Le faible niveau d’inflation écarte ce scénario à court terme mais un rebond en 2014/2015 du prix des matières premières, qui ont fortement chuté depuis 2 à 3 ans, pourrait le rendre plus crédible.

L'Europe, et donc la France, va-t-elle bénéficier de cette phase de croissance américaine ? Peut-on imaginer que l'Europe soit, elle-aussi, à la veille d'une grande phase de croissance ?

Xavier Timbeau : L'Europe est dans la même situation que les États-Unis à certains points de vue, notamment concernant le potentiel de rebond même si on est encore loin de pouvoir retrouver le niveau de 2008.

Mais il y a aussi de grandes différences : l'Europe a fait le choix de l'austérité et cela a pesé sur la croissance.
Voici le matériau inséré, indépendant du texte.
(* Let $i\in K$, let $w$ be a strong minuscule element with $\Lambda_w=\Lambda_i$, and let $w=s_{i_1}\cdots s_{i_r}$ be a reduced expression of $w$ (so that $i_r=i$). For each $1\le p\le r-1$ put $u_p:=\#\{p+1\le a\le r\mid i_a\in\operatorname{adj}_s(i_p)\}$. Then $u_p$ is a nonnegative even integer if $i_p=i$, and $u_p$ is a positive odd integer if $i_p\ne i$.
   Context: Let $\mathfrak g$ be a finite-dimensional simple Lie algebra over $\mathbb C$ of type $\mathrm A_n$, $\mathrm B_n$, $\mathrm C_n$ or $\mathrm D_n$, with index set $I=\{1,\dots,n\}$, simple roots $\alpha_i$, simple coroots $\alpha_i^\vee$, Cartan matrix $a_{ij}=\langle\alpha_j,\alpha_i^\vee\rangle$, fundamental weights $\Lambda_i$, integral weights $P=\bigoplus_i\mathbb Z\Lambda_i$, dominant integral weights $P^+=\sum_i\mathbb Z_{\ge0}\Lambda_i$, Weyl group $W$ generated by simple reflections $s_i$. The Dynkin diagrams are labeled as follows: type $\mathrm A_n$: chain $1-2-\cdots-n$; type $\mathrm B_n$: chain $1-2-\cdots-n$ with a double bond between $1$ and $2$, $\alpha_1$ short and $\alpha_2,\dots,\alpha_n$ long; type $\mathrm C_n$: chain $1-2-\cdots-n$ with a double bond between $1$ and $2$, $\alpha_1$ long and $\alpha_2,\dots,\alpha_n$ short; type $\mathrm D_n$: chain $n-(n-1)-\cdots-3$ with node $3$ joined to both nodes $1$ and $2$. Set $K=I$ in types $\mathrm A_n,\mathrm D_n$, $K=\{1\}$ in type $\mathrm B_n$, $K=I\setminus\{1\}$ in type $\mathrm C_n$. For $j\in I$, $\operatorname{adj}_s(j):=\{m\in I\mid a_{jm}=-1\}$. For $\Lambda\in P$, $w\in W$ is $\Lambda$-minuscule if there is a reduced expression $w=s_{i_1}\cdots s_{i_r}$ with $\langle s_{i_{p+1}}\cdots s_{i_r}(\Lambda),\alpha_{i_p}^\vee\rangle=1$ for all $1\le p\le r$ (this then holds for every reduced expression); $w$ is dominant minuscule if it is $\Lambda$-minuscule for some $\Lambda\in P^+$. A dominant minuscule $w$ is strong minuscule if there is a unique $\Lambda\in P^+$, denoted $\Lambda_w$, such that $w$ is $\Lambda$-minuscule. It is known that for a strong minuscule $w$ with $\Lambda_w=\Lambda_i$, every reduced expression of $w$ ends with $s_i$. *)

theory Defs
  imports Main
begin

datatype ctype = TA | TB | TC | TD

definition valid_type :: "ctype \<Rightarrow> nat \<Rightarrow> bool" where
  "valid_type t n = (case t of TA \<Rightarrow> n \<ge> 1 | TB \<Rightarrow> n \<ge> 2 | TC \<Rightarrow> n \<ge> 2 | TD \<Rightarrow> n \<ge> 4)"

definition Iset :: "nat \<Rightarrow> nat set" where
  "Iset n = {1..n}"

text \<open>Simply-laced adjacency in the Dynkin diagram (ignoring multiplicities).\<close>
definition dyn_edge :: "ctype \<Rightarrow> nat \<Rightarrow> nat \<Rightarrow> bool" where
  "dyn_edge t i j = (case t of
      TD \<Rightarrow> ({i, j} = {1, 3} \<or> {i, j} = {2, 3} \<or> (3 \<le> i \<and> 3 \<le> j \<and> (i = j + 1 \<or> j = i + 1)))
    | _ \<Rightarrow> (i = j + 1 \<or> j = i + 1))"

text \<open>Cartan matrix a_ij = <alpha_j, alpha_i^vee>, zero outside I x I.
  Type B: alpha_1 short, alpha_2 long, so a_12 = -2, a_21 = -1.
  Type C: alpha_1 long, alpha_2 short, so a_12 = -1, a_21 = -2.\<close>
definition cartan :: "ctype \<Rightarrow> nat \<Rightarrow> nat \<Rightarrow> nat \<Rightarrow> int" where
  "cartan t n i j =
     (if i \<notin> Iset n \<or> j \<notin> Iset n then 0
      else if i = j then 2
      else if \<not> dyn_edge t i j then 0
      else if t = TB \<and> i = 1 \<and> j = 2 then -2
      else if t = TC \<and> i = 2 \<and> j = 1 then -2
      else -1)"

definition Kset :: "ctype \<Rightarrow> nat \<Rightarrow> nat set" where
  "Kset t n = (case t of TA \<Rightarrow> Iset n | TD \<Rightarrow> Iset n | TB \<Rightarrow> {1} | TC \<Rightarrow> Iset n - {1})"

definition adj_s :: "ctype \<Rightarrow> nat \<Rightarrow> nat \<Rightarrow> nat set" where
  "adj_s t n j = {m \<in> Iset n. cartan t n j m = -1}"

text \<open>A weight lambda is encoded by its coordinates lambda j = <lambda, alpha_j^vee>;
  P is the lattice of integral weights (coordinates supported on I).\<close>
definition Pset :: "nat \<Rightarrow> (nat \<Rightarrow> int) set" where
  "Pset n = {lam. \<forall>j. j \<notin> Iset n \<longrightarrow> lam j = 0}"

definition Pplus :: "nat \<Rightarrow> (nat \<Rightarrow> int) set" where
  "Pplus n = {lam \<in> Pset n. \<forall>j \<in> Iset n. lam j \<ge> 0}"

definition fund :: "nat \<Rightarrow> nat \<Rightarrow> int" where
  "fund i = (\<lambda>j. if j = i then 1 else 0)"

text \<open>s_i(lambda) = lambda - <lambda, alpha_i^vee> alpha_i, with <alpha_i, alpha_j^vee> = a_ji.\<close>
definition sref :: "ctype \<Rightarrow> nat \<Rightarrow> nat \<Rightarrow> (nat \<Rightarrow> int) \<Rightarrow> (nat \<Rightarrow> int)" where
  "sref t n i lam = (\<lambda>j. lam j - lam i * cartan t n j i)"

definition word_act :: "ctype \<Rightarrow> nat \<Rightarrow> nat list \<Rightarrow> (nat \<Rightarrow> int) \<Rightarrow> (nat \<Rightarrow> int)" where
  "word_act t n ws = foldr (\<lambda>i f. sref t n i \<circ> f) ws id"

text \<open>Weyl group elements are represented faithfully by their action on P.\<close>
definition weyl_elt :: "ctype \<Rightarrow> nat \<Rightarrow> nat list \<Rightarrow> (nat \<Rightarrow> int) \<Rightarrow> (nat \<Rightarrow> int)" where
  "weyl_elt t n ws = (\<lambda>lam. if lam \<in> Pset n then word_act t n ws lam else undefined)"

definition weyl_group :: "ctype \<Rightarrow> nat \<Rightarrow> ((nat \<Rightarrow> int) \<Rightarrow> (nat \<Rightarrow> int)) set" where
  "weyl_group t n = {weyl_elt t n ws | ws. set ws \<subseteq> Iset n}"

definition reduced_expr :: "ctype \<Rightarrow> nat \<Rightarrow> ((nat \<Rightarrow> int) \<Rightarrow> (nat \<Rightarrow> int)) \<Rightarrow> nat list \<Rightarrow> bool" where
  "reduced_expr t n w ws \<longleftrightarrow> set ws \<subseteq> Iset n \<and> weyl_elt t n ws = w \<and>
     (\<forall>vs. set vs \<subseteq> Iset n \<and> weyl_elt t n vs = w \<longrightarrow> length ws \<le> length vs)"

text \<open>w is Lambda-minuscule (list positions are 0-indexed: ws!q = i_{q+1}).\<close>
definition lam_minuscule :: "ctype \<Rightarrow> nat \<Rightarrow> (nat \<Rightarrow> int) \<Rightarrow> ((nat \<Rightarrow> int) \<Rightarrow> (nat \<Rightarrow> int)) \<Rightarrow> bool" where
  "lam_minuscule t n Lam w \<longleftrightarrow> (\<exists>ws. reduced_expr t n w ws \<and>
     (\<forall>q < length ws. word_act t n (drop (Suc q) ws) Lam (ws ! q) = 1))"

definition dominant_minuscule :: "ctype \<Rightarrow> nat \<Rightarrow> ((nat \<Rightarrow> int) \<Rightarrow> (nat \<Rightarrow> int)) \<Rightarrow> bool" where
  "dominant_minuscule t n w \<longleftrightarrow> w \<in> weyl_group t n \<and> (\<exists>Lam \<in> Pplus n. lam_minuscule t n Lam w)"

definition strong_minuscule :: "ctype \<Rightarrow> nat \<Rightarrow> ((nat \<Rightarrow> int) \<Rightarrow> (nat \<Rightarrow> int)) \<Rightarrow> bool" where
  "strong_minuscule t n w \<longleftrightarrow> dominant_minuscule t n w \<and> (\<exists>!Lam. Lam \<in> Pplus n \<and> lam_minuscule t n Lam w)"

definition Lambda_w :: "ctype \<Rightarrow> nat \<Rightarrow> ((nat \<Rightarrow> int) \<Rightarrow> (nat \<Rightarrow> int)) \<Rightarrow> (nat \<Rightarrow> int)" where
  "Lambda_w t n w = (THE Lam. Lam \<in> Pplus n \<and> lam_minuscule t n Lam w)"

end

theory Submission
  imports Defs
begin

text \<open>Write the given reduced expression as w = s_{i_1} ... s_{i_r}. Its minuscule value at
  position p is the pairing of the weight with the coroot
  beta_p = s_{i_r} ... s_{i_{p+1}} (alpha_{i_p})^vee, and beta_1, ..., beta_r are the positive
  coroots sent to negative ones by w. This set depends only on w and its members are pairwise
  non-proportional, so every reduced expression of w is Lambda_i-minuscule. The positivity fact
  behind it (if l(w s) > l(w) then w (alpha_s)^vee is positive) is proved by Deodhar's reduction to
  rank two parabolic subgroups, where it is a computation with alternating words.
  Along a Lambda_i-minuscule word each reflection subtracts its simple root, so evaluating at
  position p gives 1 = delta_{i_p i} - sum_{a > p} a_{i_p i_a}; modulo 2 only the entries -1
  survive, which gives the parity of u_p, and an odd u_p is positive.\<close>

lemma dyn_edge_sym: "dyn_edge t i j = dyn_edge t j i"
  by (cases t) (auto simp: dyn_edge_def insert_commute)

definition scale :: "int \<Rightarrow> (nat \<Rightarrow> int) \<Rightarrow> nat \<Rightarrow> int" where
  "scale c d = (\<lambda>m. c * d m)"

locale cartan_action =
  fixes t :: ctype and n :: nat
begin

abbreviation "I \<equiv> Iset n"

abbreviation "A \<equiv> cartan t n"

lemma finite_I: "finite I"
  by (simp add: Iset_def)

lemma cartan_outside: "j \<notin> I \<or> m \<notin> I \<Longrightarrow> A j m = 0"
  by (auto simp: cartan_def)

lemma cartan_diag: "j \<in> I \<Longrightarrow> A j j = 2"
  by (simp add: cartan_def)

lemma cartan_offdiag_cases:
  assumes "s \<in> I" "r \<in> I" "s \<noteq> r"
  shows "(A s r = 0 \<and> A r s = 0) \<or> (A s r = -1 \<and> A r s = -1) \<or>
         (A s r = -1 \<and> A r s = -2) \<or> (A s r = -2 \<and> A r s = -1)"
  using assms by (auto simp: cartan_def dyn_edge_sym)

lemma odd_cartan_iff: "odd (A j m) \<longleftrightarrow> A j m = -1"
  by (auto simp: cartan_def)

subsection \<open>Weights and the action of words\<close>

lemma sref_sref: "sref t n j (sref t n j l) = l"
  by (cases "j \<in> I") (auto simp: sref_def cartan_diag cartan_outside algebra_simps)

lemma sref_Pset: "l \<in> Pset n \<Longrightarrow> sref t n j l \<in> Pset n"
  by (auto simp: sref_def Pset_def cartan_outside)

lemma word_act_Nil [simp]: "word_act t n [] = id"
  by (simp add: word_act_def)

lemma word_act_Cons [simp]: "word_act t n (a # x) l = sref t n a (word_act t n x l)"
  by (simp add: word_act_def)

lemma word_act_append: "word_act t n (x @ y) l = word_act t n x (word_act t n y l)"
  by (induction x) auto

lemma word_act_Pset: "l \<in> Pset n \<Longrightarrow> word_act t n x l \<in> Pset n"
  by (induction x) (auto simp: sref_Pset)

lemma word_act_rev_cancel: "word_act t n (rev x) (word_act t n x l) = l"
  by (induction x arbitrary: l) (auto simp: word_act_append sref_sref)

lemma word_act_rev_cancel': "word_act t n x (word_act t n (rev x) l) = l"
  using word_act_rev_cancel[of "rev x"] by simp

definition weyl_eq :: "nat list \<Rightarrow> nat list \<Rightarrow> bool" where
  "weyl_eq x y \<longleftrightarrow> (\<forall>l\<in>Pset n. word_act t n x l = word_act t n y l)"

lemma weyl_elt_eq_iff: "weyl_elt t n x = weyl_elt t n y \<longleftrightarrow> weyl_eq x y"
  unfolding weyl_elt_def weyl_eq_def by (auto simp: fun_eq_iff)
Au niveau du système bancaire, la situation est beaucoup moins assainie et dans ce moment où il devrait y avoir une reprise, cette situation pèse sur la capacité de rebond de l'Europe, quand bien même il y aurait un retour de la croissance.

Alexandre Baradez :Je ne pense pas que l’Europe puisse retrouver rapidement une phase de croissance rapide mais en revanche la situation macroéconomique s’améliore progressivement. La croissance restera freinée par le taux de chômage très élevé en zone euro (près de 12% de la population active) qui pèse sur la demande intérieure. Difficile d’imaginer un regain de consommation dans ces conditions-là.

Autre facteur qui freine la croissance en Europe, l’absence de dynamisme du crédit, aussi bien côté offre que demande. C’est tout le problème actuel de la BCE de ne pas voir l’effet de ses mesures non conventionnelles avoir un impact sur le financement des PME-PMI. Les LTRO mis en place il y a quelques temps maintenant ont surtout bénéficié à la détente des taux d’emprunt des pays fragiles de la zone euro mais les banques n’ont pas utilisé ces liquidités pour les réinjecter dans l’économie, faute de visibilité.

En revanche, cette détente des taux a permis à de nombreux Etats de gagner du temps et de mettre en place un certain nombre de réformes structurelles les rendant plus compétitifs. Et aujourd’hui de nombreux États périphériques et du sud de l’Europe dégagent un excédent primaire (hors charge de la dette) et voient leurs exportations s’accroître. Il faudra encore du temps avant que leur situation budgétaire s’améliore mais cette compétitivité partiellement retrouvée participe à la reprise de la croissance en Europe et favorise l’investissement.

De manière globale le fort niveau d’endettement persistant continue de freiner la croissance mais la "convergence" progressive des économies et le rééquilibrage des balances commerciales devrait accélérer cette tendance de reprise. Sachant que la BCE pourrait intervenir de nouveau en 2014 par le biais de mesures conventionnelles et non conventionnelles accélérant ainsi la baisse de l’euro, facteur de compétitivité pour plusieurs pays de la zone euro. Sans oublier la mise en place d’un accord de libre-échange Europe/Etats-Unis qui pourrait stimuler la croissance européenne et notamment la croissance française.